This vignette focuses on the analysis of time-to-event data with two
time scales. We show how to use the functions of the package
TwoTimeScales
with their different options. In particular
we show:
This vignette does not deal with visualization of the estimated smooth hazard with two time scales. Visualization is the topic of the vignette Visualize hazards with two time scales. We assume that the reader of this vignette has some familiarity with the model, and with the basic functions of the package introduced in Introduction to TwoTimeScales. For a full exposition of the model, we refer to Carollo et al. (2024).
In the following, we once again analyse the dataset
reccolon2ts
, which includes data on patients with
recurrence of colon cancer.
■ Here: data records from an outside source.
(* Let $V:\mathbb{R}^2\to[0,\infty)$ be Hölder continuous with compact support and $\int V=1$, and let $\tau>0$. For $\varepsilon\in(0,1)$ set $V^\varepsilon(x)=\varepsilon^{-2}V(x/\varepsilon)$ and $V_\varepsilon(x)=\varepsilon^{-2}|\log\varepsilon|^{-1}V(x/\varepsilon)$. For all sufficiently small $\varepsilon$ let $u^\varepsilon\in C^2(\mathbb{R}^2)$ be the unique function with $u^\varepsilon(x)=O(|\log|x||)$ as $|x|\to\infty$ satisfying $$u^\varepsilon(x)=\frac{\tau}{2\pi}\int_{\mathbb{R}^2}\log|x-y|\big[V_\varepsilon(y)u^\varepsilon(y)+V^\varepsilon(y)\big]dy.$$ Then for every $k>0$, $$\lim_{\varepsilon\to0}\sup_{|x|\le k}\left|u^\varepsilon(\varepsilon x)|\log\varepsilon|^{-1}+\frac{\tau}{2\pi+\tau}\right|=0.$$
   Context: Existence and uniqueness of $u^\varepsilon$ for small $\varepsilon$ (in the class of $C^2$ functions with logarithmic growth) is part of the setting and is taken as given. *)

theory Defs
  imports "HOL-Analysis.Analysis"
begin

definition holder_continuous :: "(real^2 \<Rightarrow> real) \<Rightarrow> bool" where
  "holder_continuous f \<longleftrightarrow>
     (\<exists>\<alpha> C. 0 < \<alpha> \<and> \<alpha> \<le> 1 \<and> (\<forall>x y. \<bar>f x - f y\<bar> \<le> C * dist x y powr \<alpha>))"

definition has_compact_support :: "(real^2 \<Rightarrow> real) \<Rightarrow> bool" where
  "has_compact_support f \<longleftrightarrow> compact (closure {x. f x \<noteq> 0})"

definition C2_plane :: "(real^2 \<Rightarrow> real) \<Rightarrow> bool" where
  "C2_plane f \<longleftrightarrow>
     (\<exists>(f1 :: real^2 \<Rightarrow> ((real^2) \<Rightarrow>\<^sub>L real)) (f2 :: real^2 \<Rightarrow> ((real^2) \<Rightarrow>\<^sub>L ((real^2) \<Rightarrow>\<^sub>L real))).
        (\<forall>x. (f has_derivative blinfun_apply (f1 x)) (at x)) \<and>
        (\<forall>x. (f1 has_derivative blinfun_apply (f2 x)) (at x)) \<and>
        continuous_on UNIV f2)"

definition log_growth :: "(real^2 \<Rightarrow> real) \<Rightarrow> bool" where
  "log_growth f \<longleftrightarrow> (\<exists>C R. \<forall>x. norm x \<ge> R \<longrightarrow> \<bar>f x\<bar> \<le> C * \<bar>ln (norm x)\<bar>)"

end

(*
  Write L = |log e| and phi(x) = u^e(e x) / L.  The substitution y = e z turns the integral
  equation into
    phi(x) = - t (int V phi + 1) + (t / L) int log|x - z| V(z) (phi(z) + 1) dz,   t = tau / (2 pi),
  because log|e x - e z| = log e + log|x - z| and int V = 1.  The logarithmic kernel is locally
  integrable (near z = x it is dominated by a dyadic step function), so on a fixed ball phi stays
  within delta = O((M + 1) / L) of the constant c = - t (int V phi + 1), where M = sup |phi| over
  the support of V.  Averaging against V shows that c is within delta of - t / (1 + t); hence
  M <= 1 + 2 delta, which for large L forces M <= 3 and so delta = O(1 / L).
  Only the continuity of u^e enters.
*)

theory Submission
  imports Defs
begin

lemma holder_continuous_imp_continuous_on:
  assumes "holder_continuous f" shows "continuous_on UNIV f"
proof -
  obtain \<alpha> C where "0 < \<alpha>" and holder: "\<And>x y. \<bar>f x - f y\<bar> \<le> C * dist x y powr \<alpha>"
    using assms unfolding holder_continuous_def by blast
  have "isCont f x" for x
  proof -
    have "((\<lambda>y. dist y x) \<longlongrightarrow> 0) (at x)"
      using tendsto_dist[OF tendsto_ident_at tendsto_const, of x x] by simp
    then have "((\<lambda>y. C * dist y x powr \<alpha>) \<longlongrightarrow> 0) (at x)"
      using \<open>0 < \<alpha>\<close> by (intro tendsto_mult_right_zero tendsto_zero_powrI) auto
    then have "((\<lambda>y. f y - f x) \<longlongrightarrow> 0) (at x)"
      by (rule Lim_null_comparison[rotated]) (use holder in auto)
    then show ?thesis unfolding isCont_def by (rule LIM_zero_cancel)
  qed
  then show ?thesis by (simp add: continuous_at_imp_continuous_on)
qed

lemma C2_plane_imp_continuous_on:
  assumes "C2_plane f" shows "continuous_on UNIV f"
proof -
  obtain f1 :: "real^2 \<Rightarrow> ((real^2) \<Rightarrow>\<^sub>L real)"
    where "\<And>x. (f has_derivative blinfun_apply (f1 x)) (at x)"
    using assms unfolding C2_plane_def by blast
  then show ?thesis
    by (intro continuous_at_imp_continuous_on ballI has_derivative_continuous)
qed

lemma continuous_compact_support_bounds:
  assumes "continuous_on UNIV f" "has_compact_support f"
  obtains R B where "0 \<le> R" "\<And>z. z \<notin> cball 0 R \<Longrightarrow> f z = 0" "\<And>z. \<bar>f z\<bar> \<le> B"
proof -
  let ?S = "closure {z. f z \<noteq> 0}"
  have "compact ?S" using assms(2) unfolding has_compact_support_def .
  from compact_imp_bounded[OF this] obtain R where "0 < R" and R: "\<forall>z\<in>?S. norm z \<le> R"
    unfolding bounded_pos by blast
  have "compact (f ` ?S)"
    by (rule compact_continuous_image[OF continuous_on_subset[OF assms(1) subset_UNIV] \<open>compact ?S\<close>])
  from compact_imp_bounded[OF this] obtain B where B: "\<forall>y\<in>f ` ?S. norm y \<le> B"
    unfolding bounded_iff by blast
  have support: "z \<in> ?S" if "f z \<noteq> 0" for z
    by (rule subsetD[OF closure_subset]) (simp add: that)
  show ?thesis
  proof (rule that[of R "max B 0"])
    show "0 \<le> R" using \<open>0 < R\<close> by simp
    show "f z = 0" if "z \<notin> cball 0 R" for z
      using that R support[of z] by (cases "f z = 0") auto
    show "\<bar>f z\<bar> \<le> max B 0" for z
      using B support[of z] by (cases "f z = 0") auto
  qed
qed
(* Let $n,r\geq 1$ and $q\geq 1$. Suppose that, for $n$ prisoners, $r$ rooms and $q$ states (all rooms initially in state $0$), there is a symmetric strategy together with a rule by which a prisoner, as a function of their own observation history, designates themselves a leader, such that for every valid schedule exactly one prisoner eventually designates themselves a leader. Then $n$ prisoners have a symmetric winning strategy for $r$ rooms with $q+4$ states, starting with all rooms in state $0$.
   Context: The game: there are $n$ prisoners and $r$ rooms; each room contains a switch that is in one of $q$ states $\{0,1,\ldots,q-1\}$. The initial state of every room is known to the prisoners. A warden leads prisoners into rooms one at a time according to a schedule, i.e. an infinite sequence of (prisoner, room) pairs; a schedule is valid if every prisoner visits every room infinitely often. The rooms are indistinguishable to the prisoners, and prisoners have no information about time or other visits: on each visit a prisoner observes only the current state of the room, may change it to any state, and may declare that all prisoners have visited all rooms. A (deterministic) strategy assigns to each prisoner a rule determining, from the sequence of states that prisoner has observed so far (and their own previous actions), what new state to set and whether to declare. A strategy is winning if for every valid schedule some prisoner eventually declares, and every declaration is made only at a time when every prisoner has already visited every room. A strategy is symmetric if all prisoners follow the same rule (the same function of their own observation history). *)

theory Defs
  imports Main
begin

(* A symmetric deterministic strategy is a single rule, applied by every prisoner
   to their own observation history (the list of states they have observed so far,
   including the current one; own previous actions are determined by it):
     act  : history => new state of the room
     decl : history => whether to declare. *)

definition valid_schedule :: "nat \<Rightarrow> nat \<Rightarrow> (nat \<Rightarrow> nat \<times> nat) \<Rightarrow> bool" where
  "valid_schedule n r \<sigma> \<longleftrightarrow>
     (\<forall>t. fst (\<sigma> t) < n \<and> snd (\<sigma> t) < r) \<and>
     (\<forall>p<n. \<forall>k<r. \<forall>N. \<exists>t\<ge>N. \<sigma> t = (p, k))"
The first part of this vignette deals with
the model without covariates, and the proportional hazards model for the
same analysis follows in the second part.
The two time variables are \(t\) = time since randomization and \(s\) = time since recurrence. Additionally, \(u\) = time at recurrence, is the fixed time at entry in the risk set recorded as number of days from randomization to recurrence. The analysis is performed over the \((u,s)\)-plane, so we need to bin the data over \(u\) and \(s\). We consider bins of width 30 days on both axes, and we obtain 77 bins on the \(u\) axis and \(91\) bins on the \(s\) axis.
dt2ts <- prepare_data(data = reccolon2ts,
u = "timer",
s_out = "timesr",
events = "status",
ds = 30, du = 30)
> print(dt2ts)
An object of class 'data2ts'
Data:
List of 2
$ bins :List of 6
$ bindata:List of 2
- attr(*, "class")= chr "data2ts"
NULL
Range covered by the bins:
$bins_u
[1] 8 2288
$bins_s
[1] 0 2730
Number of bins:
$nu
[1] 76
$ns
[1] 91
Overview of the binned data:
Total exposure time: 246018
Total number of events: 409
Here, we do not use the artificially created left truncated entry times on the \(s\)-axis, therefore the function returns a message informing the user that an entry time of 0 is imputed to all observations.
After having prepared the data we can estimate the model. In the analysis presented in Carollo et al. (2024), we build 23 \(B\)-splines over each of the two dimensions, for a total of 529 \(\alpha\) parameters. The optimal smoothing parameters are chosen by numerical optimization of the AIC of the model as function of the smoothing parameters. We use cubic \(B\)-splines bases and a second order penalty. Here we explicitly specify all these parameters, even though some of them are the default options.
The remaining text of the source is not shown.